Read more: Bloomberg, Business Week, Auto Blog

 

Congress opens can of worms over Toyota and US safety regulators

US

Toyota saved some $100 million by negotiating with US regulators for a limited recall of its 2007 Camry and Lexus ES models that were said to suffer sudden acceleration problems. These woes have come back to bite the Japanese manufacturer in 2010, after it was forced to recall millions of models in the US with similar defects, denting its 17% share of the American market. According to documents turned over to a congressional committee, the sum is listed as a monetary gain among battles that Toyota won against US regulators. But it’s now become muck that’s being raked up in the face of hearings by three separate US panels over safety concerns at Toyota.

Read more: Manufacturing Digital, The New York Times, Reuters, AP

 

Asians lead world out of recession

Southeast Asia

Taiwan, Thailand and, in all likelihood, Malaysia have led Asian economies out of recession along with China, paving the way for a global recovery on renewed demand. Asian central banks have cut interest rates to record lows and governments have bumped up spending by more than $1 trillion, allowing economies in the region to dismantle stimulus measures. Asia’s recovery is perhaps six months ahead of the US. And with higher US interest rates in the pipeline, after the Fed implemented a recent surprise hike in the bank discount rate, Asia’s central banks can look forward to more stable currencies, while better taming the prospect of galloping inflation. China, India and Vietnam are tightening lending so that quickening growth doesn’t lead to asset bubbles, after Asian stocks jumped on speculation the US will keep interest rates near current lows of less than 1%.

Read more: Bloomberg, CNN, Reuters, Agence France-Presse

 

AOL paves way for PR journalism

US

AOL’s New York headquarters is using Web-analytics to fuel its attempt to become a “newsroom of the future”. The Internet-challenged company is trying to turn around a disastrous marriage to TimeWarner and morph into a large news agency that can take on the might of industry stalwarts such as Bloomberg and Reuters. But changing from a dinosaur to a media titan overnight will be difficult. Its dial-up Internet business is dying a slow and horrible death, so the firm wants to renew growth by creating original online content on the back of ad sales.

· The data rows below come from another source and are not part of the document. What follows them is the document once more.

lemma Z_deg_ge_eq_UN:
  assumes a: "a \<in> L"
  shows "Z a \<inter> {x. le_edeg (\<lambda>j. deg a j + n j) (fst x)} = (\<Union>b\<in>vLambda (src a) n. Z (cmp a b))"
proof -
  let ?t = "\<lambda>j. deg a j + n j"
  have at: "deg a \<le> ?t" and z: "(\<lambda>_. 0) \<le> deg a" by (simp_all add: le_fun_def)
  show ?thesis
  proof (intro equalityI subsetI)
    fix x assume "x \<in> Z a \<inter> {x. le_edeg ?t (fst x)}"
    then have xW: "x \<in> W" and px: "is_kpath (fst x) (snd x)" and ld: "le_edeg (deg a) (fst x)"
      and x0: "snd x ((\<lambda>_. 0), deg a) = a" and lt: "le_edeg ?t (fst x)"
      using mem_Z_iff mem_W_iff by auto
    let ?b = "snd x (deg a, ?t)"
    have b: "?b \<in> vLambda (src a) n"
      using path_in[OF px at lt] path_deg[OF px at lt] path_rng[OF px at lt] path_src[OF px z ld] x0
      unfolding vLambda_def by auto
    have "cmp a ?b = snd x ((\<lambda>_. 0), ?t)" using path_cmp[OF px z at lt] x0 by simp
    moreover have "deg (cmp a ?b) = ?t" using a b deg_cmp unfolding vLambda_def by simp
    ultimately have "x \<in> Z (cmp a ?b)" using mem_Z_iff xW lt by simp
    with b show "x \<in> (\<Union>b\<in>vLambda (src a) n. Z (cmp a b))" by blast
  next
    fix x assume "x \<in> (\<Union>b\<in>vLambda (src a) n. Z (cmp a b))"
    then obtain b where b: "b \<in> L" "rng b = src a" "deg b = n" and xz: "x \<in> Z (cmp a b)"
      unfolding vLambda_def by auto
    have "deg (cmp a b) = ?t" using a b deg_cmp by simp
    then have xW: "x \<in> W" and px: "is_kpath (fst x) (snd x)" and lt: "le_edeg ?t (fst x)"
      and x0: "snd x ((\<lambda>_. 0), ?t) = cmp a b"
      using xz mem_Z_iff mem_W_iff by auto
    have ld: "le_edeg (deg a) (fst x)" using le_edeg_trans[OF at lt] .
    have "cmp (snd x ((\<lambda>_. 0), deg a)) (snd x (deg a, ?t)) = cmp a b"
      using path_cmp[OF px z at lt] x0 by simp
    then have "snd x ((\<lambda>_. 0), deg a) = a"
      using factorisation_unique[OF path_in[OF px z ld] path_in[OF px at lt] a b(1)] b a
        path_src[OF px z ld] path_rng[OF px at lt] path_deg[OF px z ld] path_deg[OF px at lt]
      by simp
    then show "x \<in> Z a \<inter> {x. le_edeg ?t (fst x)}" using mem_Z_iff xW ld lt by simp
  qed
qed

lemma disjoint_family_Z_cmp:
  assumes a: "a \<in> L"
  shows "disjoint_family_on (\<lambda>b. Z (cmp a b)) (vLambda (src a) n)"
  unfolding disjoint_family_on_def
proof (intro ballI impI)
  fix b b' assume b: "b \<in> vLambda (src a) n" "b' \<in> vLambda (src a) n" "b \<noteq> b'"
  then have "cmp a b \<noteq> cmp a b'"
    using factorisation_unique[OF a _ a] unfolding vLambda_def by auto
  moreover have "deg (cmp a b) = deg (cmp a b')" using a b deg_cmp unfolding vLambda_def by auto
  ultimately show "Z (cmp a b) \<inter> Z (cmp a b') = {}" using Z_disjoint by blast
qed

lemma W_eq_UN_vertices: "W = (\<Union>v\<in>vertices L src. Z v)"
  using mem_Z_base unfolding cylZ_def by blast

end

lemma sum_group_by_distinct_list:
  assumes "finite B" "g ` B \<subseteq> set vs" "distinct vs"
  shows "(\<Sum>x\<in>B. f (g x)) = (\<Sum>b<length vs. of_nat (card {x\<in>B. g x = vs ! b}) * (f (vs ! b) :: 'a :: comm_semiring_1))"
proof -
  have "(\<Sum>x\<in>B. f (g x)) = (\<Sum>w\<in>set vs. \<Sum>x\<in>{x\<in>B. g x = w}. f (g x))"
    using sum.group[OF assms(1) finite_set assms(2), of "\<lambda>x. f (g x)"] by simp
  also have "\<dots> = (\<Sum>w\<in>set vs. of_nat (card {x\<in>B. g x = w}) * f w)"
    by (rule sum.cong) auto
  also have "\<dots> = (\<Sum>b<length vs. of_nat (card {x\<in>B. g x = vs ! b}) * f (vs ! b))"
    using sum.reindex_bij_betw[OF bij_betw_nth[OF assms(3) refl refl],
        of "\<lambda>w. of_nat (card {x\<in>B. g x = w}) * f w"]
    by (simp add: lessThan_atLeast0)
  finally show ?thesis .
qed

lemma vertex_matrix_carrier:
  "vertex_matrix L src rng deg i \<in> carrier_mat (length (vlist L src)) (length (vlist L src))"
  unfolding vertex_matrix_def Let_def by simp

lemma vertex_matrix_index:
  "a < length (vlist L src) \<Longrightarrow> b < length (vlist L src) \<Longrightarrow>
   (vertex_matrix L src rng deg i :: 'a :: semiring_1 mat) $$ (a, b) =
   of_nat (card {l\<in>L. rng l = vlist L src ! a \<and> deg l = unit_deg i \<and> src l = vlist L src ! b})"
  unfolding vertex_matrix_def Let_def by simp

But rather than merely write articles and post them on the Web, AOL wants software to show which pieces get most traffic, to help its corps of about 500 journalists and 3,000 freelance contributors zero in on the most popular stories. So, expect Lady Gaga to feature prominently, while Ukraine’s failed Orange Revolution and other prominent news stories get dumped. Welcome to the brave new world of PR “journalism”.

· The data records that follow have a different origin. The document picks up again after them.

(* Let $p$ be a prime, $0<\alpha\le1$, and let $S\subseteq\mathbb{Z}_p$ have the property that all pairwise sums of different elements of $S$ are distinct (i.e., if $s_1,s_2,s_3,s_4\in S$ with $s_1\neq s_2$, $s_3\neq s_4$ and $s_1+s_2=s_3+s_4$ in $\mathbb{Z}_p$, then $\{s_1,s_2\}=\{s_3,s_4\}$). Then $$\mathcal{C}^{\mathrm{bsgs1}}_\alpha(S)>(\alpha|S|/\sqrt2)^{2/3}.$$
   Context: The BSGS-1 $\alpha$-complexity $\mathcal{C}^{\mathrm{bsgs1}}_\alpha(S)$ of $S\subseteq\mathbb{Z}_p$ is the smallest integer $n$ such that there exist $X,Y\subseteq\mathbb{Z}_p$ with $|X|=|Y|=n$ and $|S\cap(X-Y)|\geq\alpha|S|$, where $X-Y=\{x-y\mid x\in X,y\in Y\}$ (computed in $\mathbb{Z}_p$). *)

theory Defs
  imports "HOL-Analysis.Analysis"
begin

text \<open>Z_p is modelled by the residues {0..<p} :: int set; arithmetic is taken mod p.\<close>

definition diffset_mod :: "int \<Rightarrow> int set \<Rightarrow> int set \<Rightarrow> int set" where
  "diffset_mod p X Y = {(x - y) mod p | x y. x \<in> X \<and> y \<in> Y}"

definition bsgs1_complexity :: "int \<Rightarrow> real \<Rightarrow> int set \<Rightarrow> nat" where
  "bsgs1_complexity p \<alpha> S = (LEAST n. \<exists>X Y. X \<subseteq> {0..<p} \<and> Y \<subseteq> {0..<p} \<and>
      card X = n \<and> card Y = n \<and>
      real (card (S \<inter> diffset_mod p X Y)) \<ge> \<alpha> * real (card S))"

definition distinct_pair_sums_mod :: "int \<Rightarrow> int set \<Rightarrow> bool" where
  "distinct_pair_sums_mod p S \<longleftrightarrow> (\<forall>s1\<in>S. \<forall>s2\<in>S. \<forall>s3\<in>S. \<forall>s4\<in>S.
      s1 \<noteq> s2 \<longrightarrow> s3 \<noteq> s4 \<longrightarrow> (s1 + s2) mod p = (s3 + s4) mod p \<longrightarrow>
      {s1, s2} = {s3, s4})"

end

theory Submission
  imports Defs
begin

text \<open>Choose X, Y witnessing the complexity n and, for every element of S covered by X - Y,
  one pair (x, y) representing it. If two such pairs (x1, y1), (x2, y2) had the "crossed" pairs
  (x1, y2), (x2, y1) chosen as well, the four represented elements would satisfy
  (x1 - y1) + (x2 - y2) = (x1 - y2) + (x2 - y1), contradicting distinctness of pair sums.
  So the chosen pairs form a rectangle-free subset of the n \<times> n grid X \<times> Y, which by the
  Kovari-Sos-Turan counting argument has fewer than sqrt 2 * n^(3/2) elements; there are at
  least \<alpha> |S| of them.\<close>

definition rectangle_free :: "('a \<times> 'b) set \<Rightarrow> bool" where
  "rectangle_free P \<longleftrightarrow> (\<forall>x1 x2 y1 y2. (x1, y1) \<in> P \<longrightarrow> (x1, y2) \<in> P \<longrightarrow>
      (x2, y1) \<in> P \<longrightarrow> (x2, y2) \<in> P \<longrightarrow> x1 = x2 \<or> y1 = y2)"

lemma card_off_diagonal:
  assumes "finite A"
  shows "card (A \<times> A - Id) + card A = card A * card A"
proof -
  have "Id_on A = (\<lambda>a. (a, a)) ` A"
    by auto
  then have "card (Id_on A) = card A"
    by (simp add: card_image inj_on_def)
  moreover have "A \<times> A - Id = A \<times> A - Id_on A" "Id_on A \<subseteq> A \<times> A"
    by auto
  ultimately show ?thesis
    using assms card_mono[of "A \<times> A" "Id_on A"] card_Diff_subset[of "Id_on A" "A \<times> A"]
    by (simp add: card_cartesian_product finite_subset)
qed

lemma card_rectangle_free_sq_le:
  assumes "finite X" "finite Y" "P \<subseteq> X \<times> Y" "rectangle_free P"
  shows "real (card P) ^ 2 \<le> real (card X) * (real (card P) + real (card Y) * (real (card Y) - 1))"
proof -
  let ?N = "\<lambda>x. P `` {x}"
  have finite_N: "finite (?N x)" for x
    using assms(2,3) by (auto intro: finite_subset[of _ Y])
  have "Sigma X ?N = P"
    using assms(3) by auto
  then have card_P: "card P = (\<Sum>x\<in>X. card (?N x))"
    using card_SigmaI[OF assms(1), of ?N] finite_N by simp
  define R where "R = Sigma X (\<lambda>x. ?N x \<times> ?N x - Id)"
  have "inj_on snd R"
    using assms(4) by (auto simp: R_def inj_on_def rectangle_free_def)
  moreover have "snd ` R \<subseteq> Y \<times> Y - Id"
    using assms(3) by (auto simp: R_def)
  ultimately have "card R \<le> card (Y \<times> Y - Id)"
    using assms(2) by (intro card_inj_on_le) auto
  moreover have "card R + card P = (\<Sum>x\<in>X. card (?N x) ^ 2)"
  proof -
    have "card R = (\<Sum>x\<in>X. card (?N x \<times> ?N x - Id))"
      unfolding R_def using assms(1) finite_N by (intro card_SigmaI) auto
    then show ?thesis
      using card_P card_off_diagonal[OF finite_N]
      by (simp add: sum.distrib[symmetric] power2_eq_square)
  qed
  ultimately have "(\<Sum>x\<in>X. card (?N x) ^ 2) + card Y \<le> card P + card Y * card Y"
    using card_off_diagonal[OF assms(2)] by linarith
  then have sum_sq: "(\<Sum>x\<in>X. real (card (?N x)) ^ 2) \<le> real (card P) + real (card Y) * (real (card Y) - 1)"
    unfolding of_nat_le_iff[where 'a = real, symmetric] by (simp add: right_diff_distrib)
  have "real (card P) ^ 2 = (\<Sum>x\<in>X. real (card (?N x))) ^ 2"
    using card_P by simp
  also have "\<dots> \<le> (\<Sum>x\<in>X. real (card (?N x)) ^ 2) * real (card X)"
    by (rule sum_squared_le_sum_of_squares)
  also have "\<dots> \<le> real (card X) * (real (card P) + real (card Y) * (real (card Y) - 1))"
    using sum_sq by (metis mult.commute mult_left_mono of_nat_0_le_iff)
  finally show ?thesis .
qed

lemma card_rectangle_free_sq_less:
  assumes "finite X" "finite Y" "P \<subseteq> X \<times> Y" "rectangle_free P"
    and "card X = n" "card Y = n" "P \<noteq> {}"
  shows "real (card P) ^ 2 < 2 * real n ^ 3"
proof -
  have "card P \<le> n * n"
    using assms(1-3,5,6) card_mono[of "X \<times> Y" P] by (simp add: card_cartesian_product)
  then have le: "real (card P) \<le> real n * real n"
    by (metis of_nat_le_iff of_nat_mult)
  have "X \<noteq> {}"
    using assms(3,7) by auto
  then have "n > 0"
    using assms(1,5) by auto
  have "real (card P) ^ 2 \<le> real n * (real (card P) + real n * (real n - 1))"
    using card_rectangle_free_sq_le[OF assms(1-4)] assms(5,6) by simp
  also have "\<dots> \<le> real n * (real n * real n + real n * (real n - 1))"
    using le by (simp add: mult_left_mono)
  also have "\<dots> = 2 * real n ^ 3 - real n ^ 2"
    by (simp add: algebra_simps power2_eq_square power3_eq_cube)
  also have "\<dots> < 2 * real n ^ 3"
    using \<open>n > 0\<close> by simp
  finally show ?thesis .
qed

lemma powr_two_thirds_less:
  fixes a n :: real
  assumes "0 \<le> a" "a ^ 2 < 2 * n ^ 3"
  shows "(a / sqrt 2) powr (2/3) < n"
proof -
  define c where "c = a / sqrt 2"
  have "0 \<le> c" "c ^ 2 < n ^ 3"
    using assms by (simp_all add: c_def power_divide)
  have "0 < n ^ 3"
    using assms(2) zero_le_power2[of a] by linarith
  then have "0 < n"
    by (simp add: zero_less_power_eq)
  have "(c powr (2/3)) ^ 3 = c ^ 2"
  proof (cases "c = 0")
    case False
    then have "0 < c"
      using \<open>0 \<le> c\<close> by simp
    have "(c powr (2/3)) ^ 3 = (c powr (2/3)) powr (real 3)"
      using \<open>0 < c\<close> by (simp only: powr_realpow powr_gt_zero)
    also have "\<dots> = c powr (real 2)"
      by (simp add: powr_powr)
    also have "\<dots> = c ^ 2"
      using \<open>0 < c\<close> by (rule powr_realpow)
    finally show ?thesis .
  qed simp
  with \<open>c ^ 2 < n ^ 3\<close> have "(c powr (2/3)) ^ 3 < n ^ 3"
    by simp
  then show ?thesis
    unfolding c_def[symmetric] using \<open>0 < n\<close> power_less_imp_less_base by fastforce
qed

lemma diffset_mod_eq_image:
  "diffset_mod p X Y = (\<lambda>(x, y). (x - y) mod p) ` (X \<times> Y)"
  by (auto simp: diffset_mod_def)

lemma bij_betw_inv_into_image:
  assumes "T \<subseteq> f ` A"
  shows "bij_betw f (inv_into A f ` T) T"
proof (rule bij_betw_imageI)
  have inverse: "f (inv_into A f t) = t" if "t \<in> T" for t
    using assms that by (blast intro: f_inv_into_f)
  show "inj_on f (inv_into A f ` T)"
    by (rule inj_onI) (auto simp: inverse)
  show "f ` inv_into A f ` T = T"
    by (simp add: image_image inverse cong: image_cong)
qed

lemma rectangle_free_if_distinct_pair_sums_mod:
  assumes "distinct_pair_sums_mod p S"
    and "inj_on (\<lambda>(x, y). (x - y) mod p) P" "(\<lambda>(x, y). (x - y) mod p) ` P \<subseteq> S"
  shows "rectangle_free P"
  unfolding rectangle_free_def
proof (intro allI impI)
  fix x1 x2 y1 y2
  assume in_P: "(x1, y1) \<in> P" "(x1, y2) \<in> P" "(x2, y1) \<in> P" "(x2, y2) \<in> P"
  let ?t = "\<lambda>x y. (x - y) mod p"
  have inj: "a = c \<and> b = e" if "(a, b) \<in> P" "(c, e) \<in> P" "?t a b = ?t c e" for a b c e
    using inj_onD[OF assms(2), of "(a, b)" "(c, e)"] that by simp
  have in_S: "?t x1 y1 \<in> S" "?t x2 y2 \<in> S" "?t x1 y2 \<in> S" "?t x2 y1 \<in> S"
    using in_P assms(3) by auto
  have "x1 - y1 + (x2 - y2) = x1 - y2 + (x2 - y1)"
    by simp
  then have same_sum: "(?t x1 y1 + ?t x2 y2) mod p = (?t x1 y2 + ?t x2 y1) mod p"
    by (simp only: mod_add_eq)
  show "x1 = x2 \<or> y1 = y2"
  proof (rule ccontr)
    assume corner: "\<not> (x1 = x2 \<or> y1 = y2)"
    then have ne: "?t x1 y1 \<noteq> ?t x2 y2" "?t x1 y2 \<noteq> ?t x2 y1"
      using inj[OF in_P(1,4)] inj[OF in_P(2,3)] by auto
    have "{?t x1 y1, ?t x2 y2} = {?t x1 y2, ?t x2 y1}"
      by (rule assms(1)[unfolded distinct_pair_sums_mod_def, rule_format, OF in_S ne same_sum])
    then have "?t x1 y1 = ?t x1 y2 \<or> ?t x1 y1 = ?t x2 y1"
      by (auto simp: doubleton_eq_iff)
    then show False
      using corner inj[OF in_P(1,2)] inj[OF in_P(1,3)] by auto
  qed
qed

lemma bsgs1_complexity_attained:
  assumes "S \<subseteq> {0..<p}" "\<alpha> \<le> 1"
  obtains X Y where "X \<subseteq> {0..<p}" "Y \<subseteq> {0..<p}"
    "card X = bsgs1_complexity p \<alpha> S" "card Y = bsgs1_complexity p \<alpha> S"
    "\<alpha> * real (card S) \<le> real (card (S \<inter> diffset_mod p X Y))"
proof -
  have "S \<subseteq> diffset_mod p {0..<p} {0..<p}"
    using assms(1) by (force simp: diffset_mod_def)
  then have "\<alpha> * real (card S) \<le> real (card (S \<inter> diffset_mod p {0..<p} {0..<p}))"
    using assms(2) mult_right_mono[of \<alpha> 1 "real (card S)"] by (simp add: Int_absorb2)
  then have "\<exists>n X Y. X \<subseteq> {0..<p} \<and> Y \<subseteq> {0..<p} \<and> card X = n \<and> card Y = n \<and>
      real (card (S \<inter> diffset_mod p X Y)) \<ge> \<alpha> * real (card S)"
    by blast
  from LeastI_ex[OF this] show ?thesis
    using that unfolding bsgs1_complexity_def by blast
qed

theorem theorem6:
  fixes p :: int and \<alpha> :: real and S :: "int set"
  assumes "prime p" and "0 < \<alpha>" and "\<alpha> \<le> 1"
    and "S \<subseteq> {0..<p}" and "S \<noteq> {}"
    and "distinct_pair_sums_mod p S"
  shows "real (bsgs1_complexity p \<alpha> S) > (\<alpha> * real (card S) / sqrt 2) powr (2/3)"
proof -
  let ?n = "bsgs1_complexity p \<alpha> S" and ?d = "\<lambda>(x, y). (x - y) mod p"
  obtain X Y where XY: "X \<subseteq> {0..<p}" "Y \<subseteq> {0..<p}" "card X = ?n" "card Y = ?n"
    and covered: "\<alpha> * real (card S) \<le> real (card (S \<inter> diffset_mod p X Y))"
    using bsgs1_complexity_attained[OF assms(4,3)] .
  define P where "P = inv_into (X \<times> Y) ?d ` (S \<inter> diffset_mod p X Y)"
  have "S \<inter> diffset_mod p X Y \<subseteq> ?d ` (X \<times> Y)"
    by (simp add: diffset_mod_eq_image)
  then have P: "P \<subseteq> X \<times> Y" "bij_betw ?d P (S \<inter> diffset_mod p X Y)"
    unfolding P_def by (blast intro: inv_into_into, rule bij_betw_inv_into_image)
  have "rectangle_free P"
    using P(2) by (intro rectangle_free_if_distinct_pair_sums_mod[OF assms(6)]) (auto simp: bij_betw_def)
  have "0 < \<alpha> * real (card S)"
    using assms(2,4,5) by (simp add: card_gt_0_iff finite_subset)
  moreover have \<alpha>S_le: "\<alpha> * real (card S) \<le> real (card P)"
    using covered bij_betw_same_card[OF P(2)] by simp
  ultimately have "P \<noteq> {}"
    by auto
  have "real (card P) ^ 2 < 2 * real ?n ^ 3"
    using XY \<open>rectangle_free P\<close> \<open>P \<noteq> {}\<close> P(1)
    by (intro card_rectangle_free_sq_less[of X Y]) (auto intro: finite_subset)
  moreover have "(\<alpha> * real (card S)) ^ 2 \<le> real (card P) ^ 2"
    using \<alpha>S_le \<open>0 < \<alpha> * real (card S)\<close> by (simp add: power_mono)
  ultimately have "(\<alpha> * real (card S)) ^ 2 < 2 * real ?n ^ 3"
    by linarith
  then show ?thesis
    using \<open>0 < \<alpha> * real (card S)\<close> by (intro powr_two_thirds_less) auto
qed

end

Read more: Business Week, Business Insider, ZDNet, Tech Crunch

 

China runs out of workers willing to toil in sweatshops

China

It sounds unbelievable in a country with 1.3 billion people, but China’s booming economy faces a shortage of workers in the vital Pearl River Delta manufacturing hub near Hong Kong. Estimates suggest factories need 2 million more poor migrant workers from other parts of China to meet demand. But calls for higher wages and better working conditions show many won’t work for peanuts in Dickensian conditions anymore. Orders have picked up as China’s gross domestic product growth soared to 9.7% in the latest quarter, emphatically ending the country’s already diluted experience of the global financial crisis. Migrant workers in the country’s low-value, labour-intensive manufacturing industries are now finding work at similar salaries closer to home. Maybe Africa will become the new home of industrial slavery. The World Bank chief Robert Zoellick is hoping this might be so.